Your answer should consist only of the lines below from the one with "H = (\<Sum>b\<in>Basis." through the one with "(real \<Rightarrow> 'a \<Rightarrow> real) \<Rightarrow>", copied exactly.

Stored data
________________

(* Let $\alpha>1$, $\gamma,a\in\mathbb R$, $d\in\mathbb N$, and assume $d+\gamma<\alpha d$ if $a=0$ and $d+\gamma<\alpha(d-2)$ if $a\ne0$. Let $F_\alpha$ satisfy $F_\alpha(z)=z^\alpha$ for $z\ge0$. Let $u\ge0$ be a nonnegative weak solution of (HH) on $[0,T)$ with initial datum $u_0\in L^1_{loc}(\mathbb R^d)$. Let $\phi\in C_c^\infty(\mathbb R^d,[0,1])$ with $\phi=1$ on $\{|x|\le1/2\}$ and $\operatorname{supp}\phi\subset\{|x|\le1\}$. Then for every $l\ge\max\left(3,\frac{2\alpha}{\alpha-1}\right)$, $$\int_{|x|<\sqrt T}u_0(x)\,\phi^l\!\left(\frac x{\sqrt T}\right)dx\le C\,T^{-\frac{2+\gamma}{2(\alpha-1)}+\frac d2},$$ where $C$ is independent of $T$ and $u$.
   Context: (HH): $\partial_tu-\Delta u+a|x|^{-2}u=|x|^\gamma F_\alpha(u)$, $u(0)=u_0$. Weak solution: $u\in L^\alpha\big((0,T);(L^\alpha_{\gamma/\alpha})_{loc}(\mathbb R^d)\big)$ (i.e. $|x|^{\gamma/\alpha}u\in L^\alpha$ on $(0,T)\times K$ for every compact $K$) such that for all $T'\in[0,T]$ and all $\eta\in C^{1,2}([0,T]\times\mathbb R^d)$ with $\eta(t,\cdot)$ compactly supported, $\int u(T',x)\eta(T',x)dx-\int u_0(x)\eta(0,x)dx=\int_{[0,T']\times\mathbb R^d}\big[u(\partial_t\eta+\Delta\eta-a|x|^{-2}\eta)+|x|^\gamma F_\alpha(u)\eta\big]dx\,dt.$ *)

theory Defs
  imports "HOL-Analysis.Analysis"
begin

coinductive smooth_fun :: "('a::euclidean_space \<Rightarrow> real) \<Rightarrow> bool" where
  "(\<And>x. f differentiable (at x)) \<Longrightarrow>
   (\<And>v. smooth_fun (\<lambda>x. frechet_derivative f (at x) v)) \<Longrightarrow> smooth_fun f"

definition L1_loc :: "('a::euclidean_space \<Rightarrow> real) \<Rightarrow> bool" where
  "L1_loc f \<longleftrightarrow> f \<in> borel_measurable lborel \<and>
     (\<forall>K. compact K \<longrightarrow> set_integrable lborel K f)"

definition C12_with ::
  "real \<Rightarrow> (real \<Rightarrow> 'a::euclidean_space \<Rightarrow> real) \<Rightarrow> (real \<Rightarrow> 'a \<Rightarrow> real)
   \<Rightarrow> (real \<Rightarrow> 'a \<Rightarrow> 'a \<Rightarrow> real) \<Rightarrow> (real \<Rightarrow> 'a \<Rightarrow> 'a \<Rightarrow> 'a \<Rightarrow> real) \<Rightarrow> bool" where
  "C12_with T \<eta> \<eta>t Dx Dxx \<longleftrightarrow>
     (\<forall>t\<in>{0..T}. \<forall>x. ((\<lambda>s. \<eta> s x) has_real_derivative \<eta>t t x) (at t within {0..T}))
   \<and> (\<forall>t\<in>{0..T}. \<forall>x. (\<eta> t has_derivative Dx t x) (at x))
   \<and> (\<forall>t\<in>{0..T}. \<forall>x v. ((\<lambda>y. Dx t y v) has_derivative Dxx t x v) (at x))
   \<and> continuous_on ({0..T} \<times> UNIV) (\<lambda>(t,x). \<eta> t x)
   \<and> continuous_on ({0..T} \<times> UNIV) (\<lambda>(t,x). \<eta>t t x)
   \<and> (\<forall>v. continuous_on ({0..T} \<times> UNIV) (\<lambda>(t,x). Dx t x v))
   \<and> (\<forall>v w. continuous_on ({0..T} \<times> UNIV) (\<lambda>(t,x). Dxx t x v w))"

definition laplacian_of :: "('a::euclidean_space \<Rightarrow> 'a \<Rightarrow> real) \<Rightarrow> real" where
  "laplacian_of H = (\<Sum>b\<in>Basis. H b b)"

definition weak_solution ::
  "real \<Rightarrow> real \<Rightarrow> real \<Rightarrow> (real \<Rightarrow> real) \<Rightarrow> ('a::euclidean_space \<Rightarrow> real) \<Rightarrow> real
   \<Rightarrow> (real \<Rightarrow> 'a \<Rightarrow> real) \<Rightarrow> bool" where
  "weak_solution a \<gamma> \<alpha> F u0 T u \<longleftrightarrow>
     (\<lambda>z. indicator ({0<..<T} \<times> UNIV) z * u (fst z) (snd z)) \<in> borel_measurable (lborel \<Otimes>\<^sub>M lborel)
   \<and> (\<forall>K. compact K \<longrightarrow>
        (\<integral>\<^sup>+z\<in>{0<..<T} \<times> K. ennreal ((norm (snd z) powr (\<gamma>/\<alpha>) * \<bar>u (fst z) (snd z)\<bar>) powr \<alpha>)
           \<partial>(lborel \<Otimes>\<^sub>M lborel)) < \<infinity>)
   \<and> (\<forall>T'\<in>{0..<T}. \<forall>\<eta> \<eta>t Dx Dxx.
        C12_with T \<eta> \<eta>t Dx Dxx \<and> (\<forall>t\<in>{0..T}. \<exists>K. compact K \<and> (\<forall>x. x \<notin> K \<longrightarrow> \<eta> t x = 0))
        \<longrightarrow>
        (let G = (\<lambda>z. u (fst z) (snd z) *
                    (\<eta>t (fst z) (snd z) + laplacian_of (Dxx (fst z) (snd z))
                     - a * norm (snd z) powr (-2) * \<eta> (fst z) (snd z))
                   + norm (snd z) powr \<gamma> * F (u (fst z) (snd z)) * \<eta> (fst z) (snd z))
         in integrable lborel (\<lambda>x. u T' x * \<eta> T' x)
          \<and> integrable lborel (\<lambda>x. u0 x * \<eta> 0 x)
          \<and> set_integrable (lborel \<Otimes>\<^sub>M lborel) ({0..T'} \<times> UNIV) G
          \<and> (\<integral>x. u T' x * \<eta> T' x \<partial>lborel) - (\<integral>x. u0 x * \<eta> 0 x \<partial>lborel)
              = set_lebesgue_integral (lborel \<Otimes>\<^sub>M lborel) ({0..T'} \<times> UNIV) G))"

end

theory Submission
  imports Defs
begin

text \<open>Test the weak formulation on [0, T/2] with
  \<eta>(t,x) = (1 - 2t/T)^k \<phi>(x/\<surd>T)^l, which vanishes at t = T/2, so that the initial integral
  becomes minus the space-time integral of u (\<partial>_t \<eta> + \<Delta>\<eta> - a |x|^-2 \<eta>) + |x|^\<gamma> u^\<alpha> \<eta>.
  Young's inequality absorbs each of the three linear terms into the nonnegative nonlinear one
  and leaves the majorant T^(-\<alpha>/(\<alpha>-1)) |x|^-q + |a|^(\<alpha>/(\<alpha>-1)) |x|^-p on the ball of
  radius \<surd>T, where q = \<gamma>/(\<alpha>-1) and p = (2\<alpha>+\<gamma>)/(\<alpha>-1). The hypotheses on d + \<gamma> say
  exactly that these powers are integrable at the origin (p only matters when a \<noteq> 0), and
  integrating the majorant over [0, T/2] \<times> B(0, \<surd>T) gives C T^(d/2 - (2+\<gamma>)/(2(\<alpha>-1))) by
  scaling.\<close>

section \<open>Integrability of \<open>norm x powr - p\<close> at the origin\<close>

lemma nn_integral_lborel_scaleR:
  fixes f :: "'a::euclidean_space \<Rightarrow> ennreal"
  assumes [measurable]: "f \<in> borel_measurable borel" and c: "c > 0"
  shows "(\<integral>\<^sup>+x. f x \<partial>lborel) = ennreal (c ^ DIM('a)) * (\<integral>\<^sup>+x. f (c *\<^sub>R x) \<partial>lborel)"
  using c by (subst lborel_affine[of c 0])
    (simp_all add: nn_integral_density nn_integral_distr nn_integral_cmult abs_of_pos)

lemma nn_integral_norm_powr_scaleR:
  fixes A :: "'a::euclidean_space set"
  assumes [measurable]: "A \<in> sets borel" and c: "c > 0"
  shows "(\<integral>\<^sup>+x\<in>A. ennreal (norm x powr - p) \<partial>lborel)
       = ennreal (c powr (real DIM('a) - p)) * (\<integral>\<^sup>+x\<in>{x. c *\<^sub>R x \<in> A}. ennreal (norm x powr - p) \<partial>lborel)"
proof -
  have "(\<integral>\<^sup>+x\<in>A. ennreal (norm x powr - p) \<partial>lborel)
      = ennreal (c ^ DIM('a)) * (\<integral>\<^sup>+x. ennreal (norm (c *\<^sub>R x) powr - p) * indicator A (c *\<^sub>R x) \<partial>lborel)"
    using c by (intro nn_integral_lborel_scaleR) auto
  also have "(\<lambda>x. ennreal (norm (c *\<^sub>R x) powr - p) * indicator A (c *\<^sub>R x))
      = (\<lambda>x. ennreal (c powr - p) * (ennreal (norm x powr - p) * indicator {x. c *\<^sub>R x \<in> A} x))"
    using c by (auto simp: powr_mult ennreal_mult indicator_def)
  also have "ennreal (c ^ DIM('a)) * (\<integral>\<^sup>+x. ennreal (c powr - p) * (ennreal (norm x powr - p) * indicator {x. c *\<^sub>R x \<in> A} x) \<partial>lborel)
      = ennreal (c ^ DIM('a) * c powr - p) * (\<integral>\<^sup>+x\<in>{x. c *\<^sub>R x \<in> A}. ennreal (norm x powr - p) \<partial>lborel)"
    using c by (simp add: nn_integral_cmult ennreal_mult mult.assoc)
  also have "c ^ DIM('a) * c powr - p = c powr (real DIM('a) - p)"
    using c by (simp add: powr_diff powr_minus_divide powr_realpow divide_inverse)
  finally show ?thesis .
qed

________________

**SOLUTION TO THIS EXERCISE**:
  "laplacian_of H = (\<Sum>b\<in>Basis. H b b)"

definition weak_solution ::
  "real \<Rightarrow> real \<Rightarrow> real \<Rightarrow> (real \<Rightarrow> real) \<Rightarrow> ('a::euclidean_space \<Rightarrow> real) \<Rightarrow> real
   \<Rightarrow> (real \<Rightarrow> 'a \<Rightarrow> real) \<Rightarrow> bool" where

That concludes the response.